Bizarre offerings and cryptic messages have put a chill into a Saanich woman’s cigarette break.
Michelle Schile came across the first token back in January, when she found the rock she sits on for her cigarette break covered in mud and manure.
On that January day, Schile went down to the large boulder at the side of the road behind Lochside elementary school, like she’s been doing for the past 18 years. She found the rock, located down a bank near the Lochside Trail, had been covered with mud and manure.
“I cleaned it off, then the next time I went down there was more mud, so I thought, ‘OK, this is getting weird,” said Schile who works at the school.
And it only got weirder from there, as the surprises kept coming – sometimes every few days, sometimes after a break of a week or two. A can of soup, garbage, motor oil, a dead snake.
“It got so disgusting, and I got tired of cleaning it up,” said Schile, who called Saanich public works to bring absorbent to soak up the oil.
“The last time it was so disgusting, it was really gross. He must have scraped the bottom of his boat, because there were barnacles, crab legs, mussel shells. It was crawling with flies and stunk to high heaven. You can just imagine rotten seafood in the sun, it was really disgusting.”
She contacted police but was told there was little they could do about the incidents.
Sgt. Jereme Leslie confirms Saanich Police were contacted about the incident, but said there was no damage done to the rock and police have been unable to identify a suspect.

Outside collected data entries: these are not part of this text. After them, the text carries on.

(* Let $n\geq 10$ and $t\geq 3\log_2 n$ be positive integers. Then there exists an orientation $D$ of the complete bipartite graph $K_{n,n}$, with parts $X$ and $Y$, such that for every $I\subseteq X$ and $J\subseteq Y$ with $|I|=|J|=t$, the induced subdigraph $D[I\cup J]$ contains a directed cycle.
   Context: An orientation of a graph is the digraph obtained by giving each edge one of its two directions. *)

theory Defs
  imports Complex_Main
begin

text \<open>Complete bipartite graph K_{n,n}: vertices Inl i (i < n, part X) and Inr j (j < n, part Y).
 An orientation is encoded by d :: nat => nat => bool: d i j means the edge x_i y_j is
 oriented x_i -> y_j, otherwise y_j -> x_i. Every orientation arises this way.\<close>

fun orient_arc :: "(nat \<Rightarrow> nat \<Rightarrow> bool) \<Rightarrow> nat + nat \<Rightarrow> nat + nat \<Rightarrow> bool" where
  "orient_arc d (Inl i) (Inr j) = d i j"
| "orient_arc d (Inr j) (Inl i) = (\<not> d i j)"
| "orient_arc d _ _ = False"

definition has_dcycle :: "('v \<Rightarrow> 'v \<Rightarrow> bool) \<Rightarrow> 'v set \<Rightarrow> bool" where
  "has_dcycle A V \<longleftrightarrow> (\<exists>vs. 2 \<le> length vs \<and> distinct vs \<and> set vs \<subseteq> V \<and>
      (\<forall>k < length vs. A (vs ! k) (vs ! ((k + 1) mod length vs))))"

end

theory Submission
  imports Defs "HOL-Library.FuncSet"
begin

text \<open>Count arc sets: \<open>E\<close> determines the orientation with arcs \<open>x\<^sub>i \<rightarrow> y\<^sub>j\<close> for \<open>(i, j) \<in> E\<close>.
  If this orientation has no directed cycle on \<open>I \<union> J\<close>, it has no directed 4-cycle there, so
  \<open>E \<inter> I \<times> J\<close> is a Ferrers relation (the neighbourhoods of the vertices of \<open>J\<close> form a chain),
  and a Ferrers relation is determined by its row and column degrees. Hence at most
  (t+1)^(2t) 2^(n^2 - t^2) arc sets are acyclic on a given \<open>I \<union> J\<close>, and summing over the
  (n choose t)^2 pairs \<open>(I, J)\<close> gives fewer than 2^(n^2) arc sets, because
  (n choose t) (t+1)^t \<le> (3n)^t and 9 n^2 < n^3 \<le> 2^t.\<close>

lemma has_dcycle_4:
  assumes "A a b" "A b c" "A c d" "A d a" "distinct [a, b, c, d]" "{a, b, c, d} \<subseteq> V"
  shows "has_dcycle A V"
  unfolding has_dcycle_def
proof (intro exI[of _ "[a, b, c, d]"] conjI allI impI)
  fix k assume "k < length [a, b, c, d]"
  then consider "k = 0" | "k = 1" | "k = 2" | "k = 3" by fastforce
  then show "A ([a, b, c, d] ! k) ([a, b, c, d] ! ((k + 1) mod length [a, b, c, d]))"
    by cases (use assms in simp_all)
qed (use assms in simp_all)

definition ferrers_on :: "('a \<times> 'b) set \<Rightarrow> 'a set \<Rightarrow> 'b set \<Rightarrow> bool" where
  "ferrers_on E I J \<longleftrightarrow>
     (\<forall>i\<in>I. \<forall>i'\<in>I. \<forall>j\<in>J. \<forall>j'\<in>J. (i, j) \<in> E \<longrightarrow> (i', j') \<in> E \<longrightarrow> (i, j') \<in> E \<or> (i', j) \<in> E)"

lemma ferrers_on_if_not_has_dcycle:
  assumes "\<not> has_dcycle (orient_arc (\<lambda>i j. (i, j) \<in> E)) (Inl ` I \<union> Inr ` J)"
  shows "ferrers_on E I J"
  unfolding ferrers_on_def
proof (intro ballI impI)
  fix i i' j j'
  assume ij: "i \<in> I" "i' \<in> I" "j \<in> J" "j' \<in> J" "(i, j) \<in> E" "(i', j') \<in> E"
  show "(i, j') \<in> E \<or> (i', j) \<in> E"
  proof (rule ccontr)
    assume "\<not> ((i, j') \<in> E \<or> (i', j) \<in> E)"
    with ij have "has_dcycle (orient_arc (\<lambda>i j. (i, j) \<in> E)) (Inl ` I \<union> Inr ` J)"
      by (intro has_dcycle_4[of _ "Inl i" "Inr j" "Inl i'" "Inr j'"]) auto
    with assms show False ..
  qed
qed

definition row_deg :: "('a \<times> 'b) set \<Rightarrow> 'b set \<Rightarrow> 'a \<Rightarrow> nat" where
  "row_deg E J i = card {j \<in> J. (i, j) \<in> E}"

definition col_deg :: "('a \<times> 'b) set \<Rightarrow> 'a set \<Rightarrow> 'b \<Rightarrow> nat" where
  "col_deg E I j = card {i \<in> I. (i, j) \<in> E}"

lemma ferrers_on_col_deg_less:
  assumes "finite I" "ferrers_on E I J" "i \<in> I" "j \<in> J" "j' \<in> J" "(i, j) \<in> E" "(i, j') \<notin> E"
  shows "col_deg E I j' < col_deg E I j"
proof -
  have "{i' \<in> I. (i', j') \<in> E} \<subset> {i' \<in> I. (i', j) \<in> E}"
    using assms unfolding ferrers_on_def by blast
  with \<open>finite I\<close> show ?thesis
    unfolding col_deg_def by (intro psubset_card_mono) auto
qed

lemma ferrers_on_mem_iff:
  assumes "finite I" "finite J" "ferrers_on E I J" "i \<in> I" "j \<in> J"
  shows "(i, j) \<in> E \<longleftrightarrow> card {j' \<in> J. col_deg E I j \<le> col_deg E I j'} \<le> row_deg E J i"
proof
  assume "(i, j) \<in> E"
  then have "{j' \<in> J. col_deg E I j \<le> col_deg E I j'} \<subseteq> {j' \<in> J. (i, j') \<in> E}"
    using ferrers_on_col_deg_less[OF assms(1,3,4,5)] by (auto simp: not_less[symmetric])
  with \<open>finite J\<close> show "card {j' \<in> J. col_deg E I j \<le> col_deg E I j'} \<le> row_deg E J i"
    unfolding row_deg_def by (intro card_mono) auto
next
  assume le: "card {j' \<in> J. col_deg E I j \<le> col_deg E I j'} \<le> row_deg E J i"
  show "(i, j) \<in> E"
  proof (rule ccontr)
    assume "(i, j) \<notin> E"
    then have "{j' \<in> J. (i, j') \<in> E} \<subseteq> {j' \<in> J. col_deg E I j < col_deg E I j'}"
      using ferrers_on_col_deg_less[OF assms(1,3,4) _ assms(5)] by auto
    then have "row_deg E J i \<le> card {j' \<in> J. col_deg E I j < col_deg E I j'}"
      unfolding row_deg_def using \<open>finite J\<close> by (intro card_mono) auto
    also have "\<dots> < card {j' \<in> J. col_deg E I j \<le> col_deg E I j'}"
      using \<open>finite J\<close> \<open>j \<in> J\<close> by (intro psubset_card_mono) auto
    finally show False using le by simp
  qed
qed

lemma ferrers_on_eq_if_degrees_eq:
  assumes "finite I" "finite J" "ferrers_on E I J" "ferrers_on E' I J"
    and "\<And>i. i \<in> I \<Longrightarrow> row_deg E J i = row_deg E' J i"
    and "\<And>j. j \<in> J \<Longrightarrow> col_deg E I j = col_deg E' I j"
  shows "E \<inter> I \<times> J = E' \<inter> I \<times> J"
proof (intro set_eqI iffI)
  have same: "(i, j) \<in> E \<longleftrightarrow> (i, j) \<in> E'" if "i \<in> I" "j \<in> J" for i j
  proof -
    have "{j' \<in> J. col_deg E I j \<le> col_deg E I j'} = {j' \<in> J. col_deg E' I j \<le> col_deg E' I j'}"
      using assms(6) \<open>j \<in> J\<close> by auto
    then show ?thesis
      using ferrers_on_mem_iff[OF assms(1-3) that] ferrers_on_mem_iff[OF assms(1,2,4) that]
        assms(5)[OF \<open>i \<in> I\<close>] by simp
  qed
  show "x \<in> E' \<inter> I \<times> J" if "x \<in> E \<inter> I \<times> J" for x using that same by auto
  show "x \<in> E \<inter> I \<times> J" if "x \<in> E' \<inter> I \<times> J" for x using that same by auto
qed

lemma card_ferrers_on_le:
  assumes "finite A" "I \<times> J \<subseteq> A" "finite I" "finite J"
  shows "card {E \<in> Pow A. ferrers_on E I J}
           \<le> (card J + 1) ^ card I * (card I + 1) ^ card J * 2 ^ (card A - card I * card J)"
proof -
  define F where "F = {E \<in> Pow A. ferrers_on E I J}"
  define code where
    "code E = (restrict (row_deg E J) I, restrict (col_deg E I) J, E - I \<times> J)" for E
  have inj: "inj_on code F"
  proof (rule inj_onI)
    fix E E' assume "E \<in> F" "E' \<in> F" and eq: "code E = code E'"
    have rows: "restrict (row_deg E J) I = restrict (row_deg E' J) I"
      and cols: "restrict (col_deg E I) J = restrict (col_deg E' I) J"
      using eq unfolding code_def by simp_all
    have "row_deg E J i = row_deg E' J i" if "i \<in> I" for i
      using fun_cong[OF rows, of i] that by simp
    moreover have "col_deg E I j = col_deg E' I j" if "j \<in> J" for j
      using fun_cong[OF cols, of j] that by simp
    ultimately have "E \<inter> I \<times> J = E' \<inter> I \<times> J"
      using assms(3,4) \<open>E \<in> F\<close> \<open>E' \<in> F\<close> unfolding F_def
      by (intro ferrers_on_eq_if_degrees_eq) auto
    moreover have "E - I \<times> J = E' - I \<times> J" using eq unfolding code_def by simp
    ultimately show "E = E'" by blast
  qed
  have deg: "row_deg E J i \<le> card J" "col_deg E I j \<le> card I" for E i j
    unfolding row_deg_def col_deg_def using assms(3,4) by (auto intro: card_mono)
  have img: "code ` F \<subseteq> (I \<rightarrow>\<^sub>E {..card J}) \<times> (J \<rightarrow>\<^sub>E {..card I}) \<times> Pow (A - I \<times> J)"
    unfolding F_def code_def using deg by auto
  have "card F \<le> card ((I \<rightarrow>\<^sub>E {..card J}) \<times> (J \<rightarrow>\<^sub>E {..card I}) \<times> Pow (A - I \<times> J))"
    using assms by (intro card_inj_on_le[OF inj img]) (auto intro: finite_PiE)
  also have "\<dots> = (card J + 1) ^ card I * (card I + 1) ^ card J * 2 ^ card (A - I \<times> J)"
    using assms by (simp add: card_PiE card_cartesian_product card_Pow)
  also have "card (A - I \<times> J) = card A - card I * card J"
    using assms by (simp add: card_Diff_subset finite_cartesian_product card_cartesian_product)
  finally show ?thesis unfolding F_def .
qed

lemma card_ferrers_on_square_le:
  assumes "I \<subseteq> {..<n}" "J \<subseteq> {..<n}" "card I = t" "card J = t"
  shows "card {E \<in> Pow ({..<n} \<times> {..<n}). ferrers_on E I J}
           \<le> (t + 1) ^ t * (t + 1) ^ t * 2 ^ (n * n - t * t)"
proof -
  have "finite I" "finite J" using assms(1,2) by (auto intro: finite_subset)
  moreover have "I \<times> J \<subseteq> {..<n} \<times> {..<n}" using assms(1,2) by auto
  ultimately show ?thesis
    using assms(3,4) card_ferrers_on_le[of "{..<n} \<times> {..<n}" I J]
    by (simp add: card_cartesian_product)
qed

lemma ex_notin_UN_if_sum_card_less:
  assumes "finite S" "finite K" "\<And>k. k \<in> K \<Longrightarrow> B k \<subseteq> S" "(\<Sum>k\<in>K. card (B k)) < card S"
  shows "\<exists>x\<in>S. \<forall>k\<in>K. x \<notin> B k"
proof (rule ccontr)
  assume "\<not> ?thesis"
  then have "S \<subseteq> (\<Union>k\<in>K. B k)" by blast
  then have "card S \<le> card (\<Union>k\<in>K. B k)"
    using assms(1,2,3) by (intro card_mono) (auto intro: finite_subset)
  also have "\<dots> \<le> (\<Sum>k\<in>K. card (B k))"
    using assms(2) by (rule card_UN_le)
  finally show False using assms(4) by simp
qed

lemma power_succ_le_three_mul: "(real m + 2) ^ (m + 1) \<le> 3 * (real m + 1) ^ (m + 1)"
proof -
  have "(1 + 1 / real (m + 1)) ^ (m + 1) \<le> exp 1"
    by (rule exp_ge_one_plus_x_over_n_power_n) auto
  also have "\<dots> \<le> 3" by (rule exp_le)
  finally have "(1 + 1 / real (m + 1)) ^ (m + 1) \<le> 3" .
  moreover have "real m + 2 = (real m + 1) * (1 + 1 / real (m + 1))"
    by (simp add: field_simps)
  ultimately show ?thesis
    by (simp add: power_mult_distrib mult_left_mono mult.commute)
qed

lemma succ_power_le_three_power_fact: "(real t + 1) ^ t \<le> 3 ^ t * fact t"
proof (induction t)
  case (Suc m)
  have "(real (Suc m) + 1) ^ Suc m = (real m + 2) ^ (m + 1)" by (simp add: add.commute)
  also have "\<dots> \<le> 3 * (real m + 1) ^ (m + 1)" by (rule power_succ_le_three_mul)
  also have "\<dots> = 3 * (real m + 1) * (real m + 1) ^ m" by simp
  also have "\<dots> \<le> 3 * (real m + 1) * (3 ^ m * fact m)"
    using Suc.IH by (intro mult_left_mono) auto
  also have "\<dots> = 3 ^ Suc m * fact (Suc m)" by (simp add: algebra_simps)
  finally show ?case .
qed simp

lemma binomial_mul_succ_power_le: "real (n choose t) * (real t + 1) ^ t \<le> (3 * real n) ^ t"
proof -
  have "real (n choose t) * (real t + 1) ^ t \<le> 3 ^ t * (real (n choose t) * fact t)"
    using succ_power_le_three_power_fact[of t] by (simp add: mult_left_mono mult.left_commute)
  also have "real (n choose t) * fact t \<le> real n ^ t"
    using binomial_fact_pow[of n t] by (metis of_nat_fact of_nat_le_iff of_nat_mult of_nat_power)
  finally show ?thesis by (simp add: power_mult_distrib)
qed

lemma cube_le_two_power:
  assumes "n > 0" "3 * log 2 (real n) \<le> real t"
  shows "real n ^ 3 \<le> 2 ^ t"
proof -
  have "2 powr (3 * log 2 (real n)) = (2 powr log 2 (real n)) powr 3"
    by (simp add: powr_powr mult.commute)
  also have "\<dots> = real n ^ 3" using assms(1) by (simp add: powr_realpow)
  finally have "real n ^ 3 = 2 powr (3 * log 2 (real n))" by simp
  also have "\<dots> \<le> 2 powr real t" using assms(2) by (intro powr_mono) auto
  finally show ?thesis by (simp add: powr_realpow)
qed

lemma binomial_sq_mul_succ_power_sq_less:
  assumes "n \<ge> 10" "t > 0" "3 * log 2 (real n) \<le> real t"
  shows "(n choose t) ^ 2 * ((t + 1) ^ t) ^ 2 * 2 ^ (n * n - t * t) < (2::nat) ^ (n * n)"
proof (cases "t \<le> n")
  case True
  have "(3 * real n) ^ 2 < real n ^ 3"
    using assms(1) by (simp add: power2_eq_square power3_eq_cube)
  also have "\<dots> \<le> 2 ^ t" using assms by (intro cube_le_two_power) auto
  finally have "(3 * real n) ^ 2 < 2 ^ t" .
  have "(real (n choose t) * (real t + 1) ^ t) ^ 2 \<le> ((3 * real n) ^ 2) ^ t"
    using binomial_mul_succ_power_le[of n t]
    by (metis power_mono power_mult mult.commute zero_le_mult_iff of_nat_0_le_iff
        zero_le_power add_nonneg_nonneg zero_le_one)
  also have "\<dots> < (2 ^ t) ^ t"
    using \<open>(3 * real n) ^ 2 < 2 ^ t\<close> assms(2) by (intro power_strict_mono) auto
  finally have "(real (n choose t) * (real t + 1) ^ t) ^ 2 * 2 ^ (n * n - t * t)
      < 2 ^ (t * t) * 2 ^ (n * n - t * t)"
    by (simp add: power_mult)
  also have "\<dots> = 2 ^ (n * n)"
    using True by (simp add: power_add[symmetric] mult_le_mono)
  finally have "real ((n choose t) ^ 2 * ((t + 1) ^ t) ^ 2 * 2 ^ (n * n - t * t))
      < real ((2::nat) ^ (n * n))"
    by (simp add: power_mult_distrib add.commute)
  then show ?thesis by (simp only: of_nat_less_iff)
qed (simp add: binomial_eq_0)

theorem mainTheorem5:
  fixes n t :: nat
  assumes "n \<ge> 10" and "t > 0" and "real t \<ge> 3 * log 2 (real n)"
  shows "\<exists>d :: nat \<Rightarrow> nat \<Rightarrow> bool. \<forall>I J. I \<subseteq> {..<n} \<and> J \<subseteq> {..<n} \<and> card I = t \<and> card J = t \<longrightarrow>
           has_dcycle (orient_arc d) (Inl ` I \<union> Inr ` J)"
proof -
  define T where "T = {I. I \<subseteq> {..<n} \<and> card I = t}"
  define A where "A = {..<n} \<times> {..<n}"
  define Bad where "Bad = (\<lambda>(I, J). {E \<in> Pow A. ferrers_on E I J})"
  have "finite T" unfolding T_def by (rule finite_subset[of _ "Pow {..<n}"]) auto
  have "card (Bad p) \<le> (t + 1) ^ t * (t + 1) ^ t * 2 ^ (n * n - t * t)" if "p \<in> T \<times> T" for p
    using that card_ferrers_on_square_le[of _ n] unfolding T_def Bad_def A_def by auto
  then have "(\<Sum>p\<in>T \<times> T. card (Bad p)) \<le> (\<Sum>p\<in>T \<times> T. (t + 1) ^ t * (t + 1) ^ t * 2 ^ (n * n - t * t))"
    by (rule sum_mono)
  also have "\<dots> = (n choose t) ^ 2 * ((t + 1) ^ t) ^ 2 * 2 ^ (n * n - t * t)"
    using n_subsets[of "{..<n}" t] by (simp add: T_def card_cartesian_product power2_eq_square)
  also have "\<dots> < card (Pow A)"
    using binomial_sq_mul_succ_power_sq_less[OF assms(1,2)] assms(3) by (simp add: A_def card_Pow)
  finally obtain E where "E \<in> Pow A" and E: "\<forall>p\<in>T \<times> T. E \<notin> Bad p"
    using ex_notin_UN_if_sum_card_less[of "Pow A" "T \<times> T" Bad] \<open>finite T\<close>
    by (auto simp: A_def Bad_def)
  show ?thesis
  proof (intro exI[of _ "\<lambda>i j. (i, j) \<in> E"] allI impI)
    fix I J assume "I \<subseteq> {..<n} \<and> J \<subseteq> {..<n} \<and> card I = t \<and> card J = t"
    then have "\<not> ferrers_on E I J" using E \<open>E \<in> Pow A\<close> by (auto simp: T_def Bad_def)
    then show "has_dcycle (orient_arc (\<lambda>i j. (i, j) \<in> E)) (Inl ` I \<union> Inr ` J)"
      using ferrers_on_if_not_has_dcycle by blast
  qed
qed

end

“As it stands now the essential elements of the offence have not been met so it doesn’t meet the threshold of harassment as outlined in the Criminal Code,” said Leslie, adding police have concluded the file.
But Schile wasn’t ready to let it go, placing a camera in the bush focused on the rock. After weeks of positioning and repositioning the camera, she finally captured a photo of the legs and torso of who she describes as an older man.
“Just cause I was mad, I wrote out on a piece of paper the definition of petty and the definition of passive aggressive, laminated it and left it there.”
She said the note disappeared, before returning a couple weeks later with a message on the back.
“It said he is part of a cycling group and there have been six smoking-related deaths in the group. His wife died of cancer. He said we won’t foul your reading rock if you don’t foul our air. Now I know it’s directed at me,” said Schile, adding she checked with CRD to make sure she wasn’t in violation of clean-air bylaws, and makes sure she doesn’t leave cigarette butts behind.
She says more than 30 items have been left at the rock, the latest coming at the end of June when a dead snake greeted her at the rock. Police have advised her not to leave any more notes for the subject, who had been responding on B.C. Coroners Service stationary. School just wants the situation to end, and hopes someone using the Lochside Trail might have observed someone placing items on the rock.
“I don’t know what he looks like. He could cycle by me every day, it’s creepy. Every time a cyclist goes by, I’m like, ‘Is it you?’
He’s just a nut job and he needs to be stopped.”